Which lines hold the string "using"? Copy each of them from the material below.

┌─ RECORDS

(* Let $\mathcal{B}$ be a $\sigma$-algebra on a nonempty set $E$. Every optimal measure on $\mathcal{B}$ is essential, and hence $\sigma$-principal, CCC and autocontinuous.
   Context: An optimal measure is a map $\nu:\mathcal{B}\to[0,\infty]$ with $\nu(\emptyset)=0$, $\nu(B\cup B')=\max(\nu(B),\nu(B'))$, continuous from below ($\nu(\bigcup_nB_n)=\lim_n\nu(B_n)$ for nondecreasing sequences in $\mathcal{B}$) and from above ($\nu(\bigcap_nB_n)=\lim_n\nu(B_n)$ for nonincreasing sequences in $\mathcal{B}$). $\nu$ is essential if there is a $\sigma$-finite $\sigma$-additive measure $m$ on $\mathcal{B}$ with $\nu(B)>0\iff m(B)>0$ for all $B\in\mathcal{B}$. A set $N\subset E$ is $\nu$-negligible if $N\subset G$ for some $G\in\mathcal{B}$ with $\nu(G)=0$. A $\sigma$-ideal of $\mathcal{B}$ is a nonempty $\mathcal{I}\subset\mathcal{B}$ closed under countable unions and under taking subsets belonging to $\mathcal{B}$; $\nu$ is $\sigma$-principal if for each $\sigma$-ideal $\mathcal{I}$ there is $L\in\mathcal{I}$ with $S\setminus L$ $\nu$-negligible for all $S\in\mathcal{I}$. $\nu$ is CCC if every family of pairwise disjoint non-$\nu$-negligible elements of $\mathcal{B}$ is countable. $\nu$ is autocontinuous if there is $f:E\to[0,\infty]$ with $\{f>t\}\in\mathcal{B}$ for all $t\ge0$ and $\nu(B)=\inf\{t>0:B\cap\{f>t\}\text{ is }\nu\text{-negligible}\}$ for all $B\in\mathcal{B}$. *)

theory Defs
  imports "HOL-Analysis.Analysis"
begin

definition optimal_measure :: "'a set \<Rightarrow> 'a set set \<Rightarrow> ('a set \<Rightarrow> ennreal) \<Rightarrow> bool" where
  "optimal_measure E B \<nu> \<longleftrightarrow>
     \<nu> {} = 0 \<and>
     (\<forall>A\<in>B. \<forall>A'\<in>B. \<nu> (A \<union> A') = max (\<nu> A) (\<nu> A')) \<and>
     (\<forall>Bs::nat \<Rightarrow> 'a set. range Bs \<subseteq> B \<and> incseq Bs \<longrightarrow>
        (\<lambda>n. \<nu> (Bs n)) \<longlonglongrightarrow> \<nu> (\<Union>n. Bs n)) \<and>
     (\<forall>Bs::nat \<Rightarrow> 'a set. range Bs \<subseteq> B \<and> decseq Bs \<longrightarrow>
        (\<lambda>n. \<nu> (Bs n)) \<longlonglongrightarrow> \<nu> (\<Inter>n. Bs n))"

definition essential :: "'a set \<Rightarrow> 'a set set \<Rightarrow> ('a set \<Rightarrow> ennreal) \<Rightarrow> bool" where
  "essential E B \<nu> \<longleftrightarrow>
     (\<exists>m::'a measure. space m = E \<and> sets m = B \<and> sigma_finite_measure m \<and>
        (\<forall>A\<in>B. \<nu> A > 0 \<longleftrightarrow> emeasure m A > 0))"

definition negligible :: "'a set set \<Rightarrow> ('a set \<Rightarrow> ennreal) \<Rightarrow> 'a set \<Rightarrow> bool" where
  "negligible B \<nu> N \<longleftrightarrow> (\<exists>G\<in>B. N \<subseteq> G \<and> \<nu> G = 0)"

definition sigma_ideal :: "'a set set \<Rightarrow> 'a set set \<Rightarrow> bool" where
  "sigma_ideal B I \<longleftrightarrow> I \<noteq> {} \<and> I \<subseteq> B \<and>
     (\<forall>F::nat \<Rightarrow> 'a set. range F \<subseteq> I \<longrightarrow> (\<Union>n. F n) \<in> I) \<and>
     (\<forall>S\<in>I. \<forall>T\<in>B. T \<subseteq> S \<longrightarrow> T \<in> I)"

definition sigma_principal :: "'a set set \<Rightarrow> ('a set \<Rightarrow> ennreal) \<Rightarrow> bool" where
  "sigma_principal B \<nu> \<longleftrightarrow>
     (\<forall>I. sigma_ideal B I \<longrightarrow> (\<exists>L\<in>I. \<forall>S\<in>I. negligible B \<nu> (S - L)))"

definition CCC :: "'a set set \<Rightarrow> ('a set \<Rightarrow> ennreal) \<Rightarrow> bool" where
  "CCC B \<nu> \<longleftrightarrow>
     (\<forall>F. F \<subseteq> B \<and> disjoint F \<and> (\<forall>A\<in>F. \<not> negligible B \<nu> A) \<longrightarrow> countable F)"

definition autocontinuous :: "'a set \<Rightarrow> 'a set set \<Rightarrow> ('a set \<Rightarrow> ennreal) \<Rightarrow> bool" where
  "autocontinuous E B \<nu> \<longleftrightarrow>
     (\<exists>f::'a \<Rightarrow> ennreal. (\<forall>t. {x\<in>E. f x > t} \<in> B) \<and>
        (\<forall>A\<in>B. \<nu> A = Inf {t. t > 0 \<and> negligible B \<nu> (A \<inter> {x\<in>E. f x > t})}))"

end

theory Submission
  imports Defs
begin

(*
  For \<epsilon> > 0 call A an \<epsilon>-atom if \<nu> A > \<epsilon> and A cannot be cut by a measurable set into two
  parts both of value above \<epsilon>. Continuity from above makes \<nu> (D n) tend to 0 along every
  disjoint sequence D. Hence every set of value above \<epsilon> contains an \<epsilon>-atom (otherwise
  repeated splitting yields disjoint pieces of value above \<epsilon>), and there are only finitely many
  \<epsilon>-atoms up to the relation \<nu> (A \<inter> A') > \<epsilon>. Each \<epsilon>-atom A yields the {0,1}-valued measure
  C \<mapsto> [\<nu> (A \<inter> C) > \<epsilon>]; for rational \<epsilon> > 0 these are countably many and together they detect
  exactly the sets of positive \<nu>-value. A weighted sum of them is a finite measure with the null
  sets of \<nu>, and the same countable family gives \<sigma>-principality and CCC directly.

  Autocontinuity follows from \<sigma>-principality: if L q is a largest set, up to null sets, of the
  \<sigma>-ideal {\<nu> \<le> q}, then G q = E - L q satisfies \<nu> (C \<inter> G q) = 0 \<longleftrightarrow> \<nu> C \<le> q, and
  f = sup {q \<in> \<rat> | x \<in> G q} is the required density.
*)

lemma Inf_positive_upper_bounds:
  fixes x :: ennreal
  shows "Inf {t. 0 < t \<and> x \<le> t} = x"
proof (rule antisym)
  show "x \<le> Inf {t. 0 < t \<and> x \<le> t}"
    by (rule Inf_greatest) simp
  show "Inf {t. 0 < t \<and> x \<le> t} \<le> x"
  proof (rule dense_ge)
    fix y assume "x < y"
    then have "0 < y" "x \<le> y"
      using le_less_trans[OF zero_le] less_imp_le by blast+
    then show "Inf {t. 0 < t \<and> x \<le> t} \<le> y"
      by (intro Inf_lower) simp
  qed
qed

lemma ennreal_le_iff_rat_upper_bounds:
  fixes x t :: ennreal
  shows "x \<le> t \<longleftrightarrow> (\<forall>r::rat. t < ennreal (of_rat r) \<longrightarrow> x \<le> ennreal (of_rat r))"
proof (intro iffI allI impI)
  show "x \<le> ennreal (of_rat r)" if "x \<le> t" "t < ennreal (of_rat r)" for r
    using that by (simp add: order.strict_implies_order order.trans)
  assume bounds: "\<forall>r::rat. t < ennreal (of_rat r) \<longrightarrow> x \<le> ennreal (of_rat r)"
  show "x \<le> t"
  proof (rule ccontr)
    assume "\<not> x \<le> t"
    then obtain r :: rat where "t < ennreal (of_rat r)" "ennreal (of_rat r) < x"
      using ennreal_rat_dense[of t x] by (auto simp: not_le)
    then show False using bounds leD by blast
  qed
qed

(* On B, p picks out the sets of measure 1 of a {0,1}-valued measure (possibly the zero measure). *)
locale two_valued =
  fixes B :: "'a set set" and p :: "'a set \<Rightarrow> bool"
  assumes not_empty: "\<not> p {}"
    and mono: "D \<in> B \<Longrightarrow> C \<subseteq> D \<Longrightarrow> p C \<Longrightarrow> p D"
    and disjoint: "C \<inter> D = {} \<Longrightarrow> p C \<Longrightarrow> \<not> p D"
    and UN_prime: "range (Cs :: nat \<Rightarrow> 'a set) \<subseteq> B \<Longrightarrow> p (\<Union>n. Cs n) \<Longrightarrow> \<exists>n. p (Cs n)"
begin

lemma countably_additive: "countably_additive B (\<lambda>C. if p C then 1 else 0 :: ennreal)"
  unfolding countably_additive_def
proof (intro allI impI)
  fix Cs :: "nat \<Rightarrow> 'a set"
  assume Cs: "range Cs \<subseteq> B" "disjoint_family Cs" "\<Union> (range Cs) \<in> B"
  show "(\<Sum>i. if p (Cs i) then 1 else 0 :: ennreal) = (if p (\<Union> (range Cs)) then 1 else 0)"
  proof (cases "p (\<Union> (range Cs))")
    case True
    then obtain k where k: "p (Cs k)" using UN_prime Cs(1) by blast
    have "\<not> p (Cs i)" if "i \<noteq> k" for i
      using disjoint[OF _ k] Cs(2) that by (auto simp: disjoint_family_on_def)
    then have "(\<lambda>i. if p (Cs i) then 1 else 0 :: ennreal) = (\<lambda>i. if i = k then 1 else 0)"
      using k by auto
    then show ?thesis
      using True sums_single[of k "\<lambda>_. 1 :: ennreal"] by (simp add: sums_iff)
  next
    case False
    then have "\<not> p (Cs i)" for i
      using mono[OF Cs(3)] by blast
    then show ?thesis using False by simp
  qed
qed

end

lemma countably_additive_suminf:
  fixes \<mu> :: "nat \<Rightarrow> 'a set \<Rightarrow> ennreal"
  assumes "\<And>n. countably_additive B (\<mu> n)"
  shows "countably_additive B (\<lambda>C. \<Sum>n. \<mu> n C)"
  unfolding countably_additive_def
proof (intro allI impI)
  fix Cs :: "nat \<Rightarrow> 'a set"
  assume Cs: "range Cs \<subseteq> B" "disjoint_family Cs" "\<Union> (range Cs) \<in> B"
  have "(\<Sum>i. \<Sum>n. \<mu> n (Cs i)) = (\<Sum>i. \<integral>\<^sup>+n. \<mu> n (Cs i) \<partial>count_space UNIV)"
    by (simp add: nn_integral_count_space_nat)
  also have "\<dots> = (\<integral>\<^sup>+n. (\<Sum>i. \<mu> n (Cs i)) \<partial>count_space UNIV)"
    by (rule nn_integral_suminf[symmetric]) simp
  also have "\<dots> = (\<Sum>n. \<mu> n (\<Union> (range Cs)))"
    using assms Cs by (simp add: nn_integral_count_space_nat countably_additive_def)
  finally show "(\<Sum>i. \<Sum>n. \<mu> n (Cs i)) = (\<Sum>n. \<mu> n (\<Union> (range Cs)))" .
qed

locale two_valued_detection = sigma_algebra E B for E :: "'a set" and B +
  fixes \<nu> :: "'a set \<Rightarrow> ennreal" and P :: "nat \<Rightarrow> 'a set \<Rightarrow> bool"
  assumes two_valued: "two_valued B (P n)"
    and positive_iff: "C \<in> B \<Longrightarrow> 0 < \<nu> C \<longleftrightarrow> (\<exists>n. P n C)"
begin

└─

» OUTPUT OF THE EXERCISE:
      using le_less_trans[OF zero_le] less_imp_le by blast+
    using that by (simp add: order.strict_implies_order order.trans)
      using ennreal_rat_dense[of t x] by (auto simp: not_le)
    then show False using bounds leD by blast
    then obtain k where k: "p (Cs k)" using UN_prime Cs(1) by blast
      using disjoint[OF _ k] Cs(2) that by (auto simp: disjoint_family_on_def)
      using k by auto
      using True sums_single[of k "\<lambda>_. 1 :: ennreal"] by (simp add: sums_iff)
      using mono[OF Cs(3)] by blast
    then show ?thesis using False by simp
    using assms Cs by (simp add: nn_integral_count_space_nat countably_additive_def)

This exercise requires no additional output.